One could tell other stories, of course, if there were room for them; but Gladstone’s life at Oxford was not, except for his success in the schools, either sensational or eventful. His diary shows that he gave, or went to, a wine-party nearly every night; that he was very pleased with himself when he succeeded in making a speech of three-quarters of an hour’s duration at the Union; and that he “haunted sermons,” as the Consistory of Geneva ordered the Prisoner of Chillon to do. That is practically all that there is to be said; but one may conclude by quoting Gladstone’s mature opinion of his University. “Oxford,” he wrote, two generations later, “had rather tended to hide from me the great fact that liberty is a great and precious gift of God, and that human excellence cannot grow up in a nation without it.”

Oxford, it is not to be denied, does sometimes tend thus to confound and obscure the human spirit.
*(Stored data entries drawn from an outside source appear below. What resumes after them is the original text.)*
(* Let $\mathcal{E}\subset\mathbf{P}^3$ be an elliptic quadric over $\mathbf{F}_q$ (the surface $x_0x_3-Q(x_1,x_2)=0$ with $Q$ an irreducible quadratic form over $\mathbf{F}_q$), let $s$ be an integer with $s<q-1$, and let $X=\mathcal{E}\cap\mathcal{S}$ where $\mathcal{S}\subset\mathbf{P}^3$ is a surface of degree $s$ defined over $\mathbf{F}_q$ not containing $\mathcal{E}$. Then $\sharp X(\mathbf{F}_q)\le s(q+1)$.
   Context: $X(\mathbf{F}_q)$ denotes the set of $\mathbf{F}_q$-rational points of $X$. *)

theory Defs
  imports Main "HOL-Library.Cardinality"
begin

type_synonym 'a pt4 = "'a \<times> 'a \<times> 'a \<times> 'a"

text \<open>Exponent vectors of monomials x0^e0 x1^e1 x2^e2 x3^e3 in four variables.\<close>
type_synonym mon4 = "nat \<times> nat \<times> nat \<times> nat"

text \<open>A polynomial in x0..x3 over 'a is a coefficient function on monomials
  (with finite support).\<close>
type_synonym 'a mpoly4 = "mon4 \<Rightarrow> 'a"

fun mdeg :: "mon4 \<Rightarrow> nat" where
  "mdeg (e0, e1, e2, e3) = e0 + e1 + e2 + e3"

fun madd :: "mon4 \<Rightarrow> mon4 \<Rightarrow> mon4" where
  "madd (a0, a1, a2, a3) (b0, b1, b2, b3) = (a0 + b0, a1 + b1, a2 + b2, a3 + b3)"

fun mon_eval :: "mon4 \<Rightarrow> 'a::comm_ring_1 pt4 \<Rightarrow> 'a" where
  "mon_eval (e0, e1, e2, e3) (x0, x1, x2, x3) = x0 ^ e0 * x1 ^ e1 * x2 ^ e2 * x3 ^ e3"

definition monomials_of_deg :: "nat \<Rightarrow> mon4 set" where
  "monomials_of_deg s = {m. mdeg m = s}"

definition homog_poly :: "nat \<Rightarrow> 'a::zero mpoly4 \<Rightarrow> bool" where
  "homog_poly s F \<longleftrightarrow> (\<forall>m. F m \<noteq> 0 \<longrightarrow> mdeg m = s)"

definition heval :: "nat \<Rightarrow> 'a::comm_ring_1 mpoly4 \<Rightarrow> 'a pt4 \<Rightarrow> 'a" where
  "heval s F x = (\<Sum>m\<in>monomials_of_deg s. F m * mon_eval m x)"

definition pmult :: "'a::comm_ring_1 mpoly4 \<Rightarrow> 'a mpoly4 \<Rightarrow> 'a mpoly4" where
  "pmult P G m = (\<Sum>(i, j)\<in>{(i, j). madd i j = m}. P i * G j)"

definition pdvd :: "'a::comm_ring_1 mpoly4 \<Rightarrow> 'a mpoly4 \<Rightarrow> bool" where
  "pdvd P F \<longleftrightarrow> (\<exists>H. finite {m. H m \<noteq> 0} \<and> F = pmult P H)"

text \<open>The binary quadratic form Q(x1,x2) = a x1^2 + b x1 x2 + c x2^2 is irreducible
  over the field: it is not a product of two linear forms with coefficients
  in the field (this also excludes Q = 0).\<close>
definition irred_qform :: "'a::comm_ring_1 \<Rightarrow> 'a \<Rightarrow> 'a \<Rightarrow> bool" where
  "irred_qform a b c \<longleftrightarrow>
     \<not> (\<exists>u v w z. a = u * w \<and> b = u * z + v * w \<and> c = v * z)"
(* For the algorithm OptPess-PrimalDual, with probability at least $1-\delta$, $$\sum_{k=C''}^K\left(V_1^{\pi^{\epsilon_k,*}}(\mu;r,P)-\hat V_1^{\pi^{\epsilon_k,*}}(\mu;\tilde r^k,\hat P^k)\right)\le0.$$
   Context: Episodic constrained MDP. $\mathcal S,\mathcal A$ finite, $H\ge1$ integer. For each $h\in[H]$, $(s,a)$: unknown transition distribution $P_h(\cdot\mid s,a)$, unknown mean reward $r_h(s,a)\in[0,1]$, unknown mean cost $c_h(s,a)\in[0,1]$. Known initial distribution $\mu$, threshold $\tau\in(0,H]$. Policies are randomized Markov. $V_h^\pi(s;g,P'):=\mathbb E_{P',\pi}[\sum_{t=h}^Hg_t(S_t,A_t)\mid S_h=s]$, $V_1^\pi(\mu;g,P'):=\mathbb E_{S_1\sim\mu}V_1^\pi(S_1;g,P')$. There exists a policy $\pi^0$ with $V_1^{\pi^0}(\mu;c,P)=c^0<\tau$, $c^0$ known. Interaction over $K$ episodes: in episode $k$, $\pi^k$ depends only on previous data; $S_1^k\sim\mu$, $A_h^k\sim\pi_h^k(\cdot\mid S_h^k)$, observed $R_h^k=r_h(S_h^k,A_h^k)+\text{noise}$, $C_h^k=c_h(S_h^k,A_h^k)+\text{noise}$, $S_{h+1}^k\sim P_h(\cdot\mid S_h^k,A_h^k)$; $\mathcal F_k$ generated by all observations of episodes $1..k$; noises conditionally independent, zero mean, $\mathbb E[e^{\lambda\xi}\mid\mathcal F_{k-1}]\le e^{\lambda^2/4}$ for all real $\lambda$. Estimates: $N_h^k(s,a)$ = visits of $(s,a)$ at step $h$ in episodes $1..k-1$; $\hat P_h^k,\hat r_h^k,\hat c_h^k$ empirical transition frequencies and means (denominator $N_h^k(s,a)\vee1$); $Z:=\log(16|\mathcal S|^2|\mathcal A|HK/\delta)$, $\beta_h^k(s,a):=\sqrt{Z/(N_h^k(s,a)\vee1)}$, $\delta\in(0,1)$. OptPess-PrimalDual: $\delta'=\delta/(16|\mathcal S|^2|\mathcal A|H)$, $\epsilon_k:=5H^2\sqrt{|\mathcal S|^3|\mathcal A|}(\log\frac{k}{\delta'}+1)/\sqrt{k\log\frac{k}{\delta'}}$, $\eta^k:=(\tau-c^0)H\sqrt k$; $\tilde r_h^k:=\hat r_h^k+(1+H|\mathcal S|)\beta_h^k$, $\tilde c_h^k:=\hat c_h^k-(1+H|\mathcal S|)\beta_h^k$; $\hat V_1^\pi(\mu;\tilde r^k,\hat P^k):=\min\{H,V_1^\pi(\mu;\tilde r^k,\hat P^k)\}$, $\hat V_1^\pi(\mu;\tilde c^k,\hat P^k):=\max\{0,V_1^\pi(\mu;\tilde c^k,\hat P^k)\}$. $\lambda^1=0$; $\pi^k\in\arg\max_\pi\hat V_1^\pi(\mu;\tilde r^k,\hat P^k)-\frac{\lambda^k}{\eta^k}(\hat V_1^\pi(\mu;\tilde c^k,\hat P^k)-\tau)$; $\lambda^{k+1}=(\lambda^k+\hat V_1^{\pi^k}(\mu;\tilde c^k,\hat P^k)+\epsilon_k-\tau)_+$. $C''$ is the smallest positive integer such that $\epsilon_k\le(\tau-c^0)/2$ for all $k\ge C''$. For $k\ge C''$, $\pi^{\epsilon_k,*}$ is an optimal policy of $\max_\pi V_1^\pi(\mu;r,P)$ s.t. $V_1^\pi(\mu;c,P)+\epsilon_k\le\tau$. *)

theory Defs
  imports "HOL-Probability.Probability"
begin

type_synonym ('s, 'a) policy = "nat \<Rightarrow> 's \<Rightarrow> 'a pmf"

text \<open>Backward (Bellman) recursion; m = number of remaining steps.
  Works for the (possibly substochastic) empirical kernel as well.\<close>
primrec Vaux :: "nat \<Rightarrow> ('s::finite, 'a::finite) policy \<Rightarrow> (nat \<Rightarrow> 's \<Rightarrow> 'a \<Rightarrow> real)
    \<Rightarrow> (nat \<Rightarrow> 's \<Rightarrow> 'a \<Rightarrow> 's \<Rightarrow> real) \<Rightarrow> nat \<Rightarrow> 's \<Rightarrow> real" where
  "Vaux 0 \<pi> g P h s = 0"
| "Vaux (Suc m) \<pi> g P h s =
     (\<Sum>a\<in>UNIV. pmf (\<pi> h s) a * (g h s a + (\<Sum>s'\<in>UNIV. P h s a s' * Vaux m \<pi> g P (Suc h) s')))"

text \<open>V_h^pi(s; g, P') = E[ sum_{t=h}^H g_t(S_t,A_t) | S_h = s ].\<close>
definition Vh :: "nat \<Rightarrow> ('s::finite, 'a::finite) policy \<Rightarrow> (nat \<Rightarrow> 's \<Rightarrow> 'a \<Rightarrow> real)
    \<Rightarrow> (nat \<Rightarrow> 's \<Rightarrow> 'a \<Rightarrow> 's \<Rightarrow> real) \<Rightarrow> nat \<Rightarrow> 's \<Rightarrow> real" where
  "Vh H \<pi> g P h s = Vaux (H + 1 - h) \<pi> g P h s"

definition V1 :: "nat \<Rightarrow> ('s::finite, 'a::finite) policy \<Rightarrow> (nat \<Rightarrow> 's \<Rightarrow> 'a \<Rightarrow> real)
    \<Rightarrow> (nat \<Rightarrow> 's \<Rightarrow> 'a \<Rightarrow> 's \<Rightarrow> real) \<Rightarrow> 's pmf \<Rightarrow> real" where
  "V1 H \<pi> g P \<mu> = (\<Sum>s\<in>UNIV. pmf \<mu> s * Vh H \<pi> g P 1 s)"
That is one of the defects of the qualities of its atmosphere. It not only clings to lost causes—it gets stuck to them, as it were with glue; and it allows reactionary obscurantists like Pusey—to take the first Christ Church instance that occurs—to have too much to say. Gladstone evidently came to feel that, in later life, when he had left the “weeds,” as he called them, of ecclesiasticism behind him. But his deep love for his University was never affected by the discovery. To say of any one, he once declared, that he was “a typically Oxford man” was to pay him the highest possible compliment; and it will readily be believed that that is not a proposition which this work is written to dispute.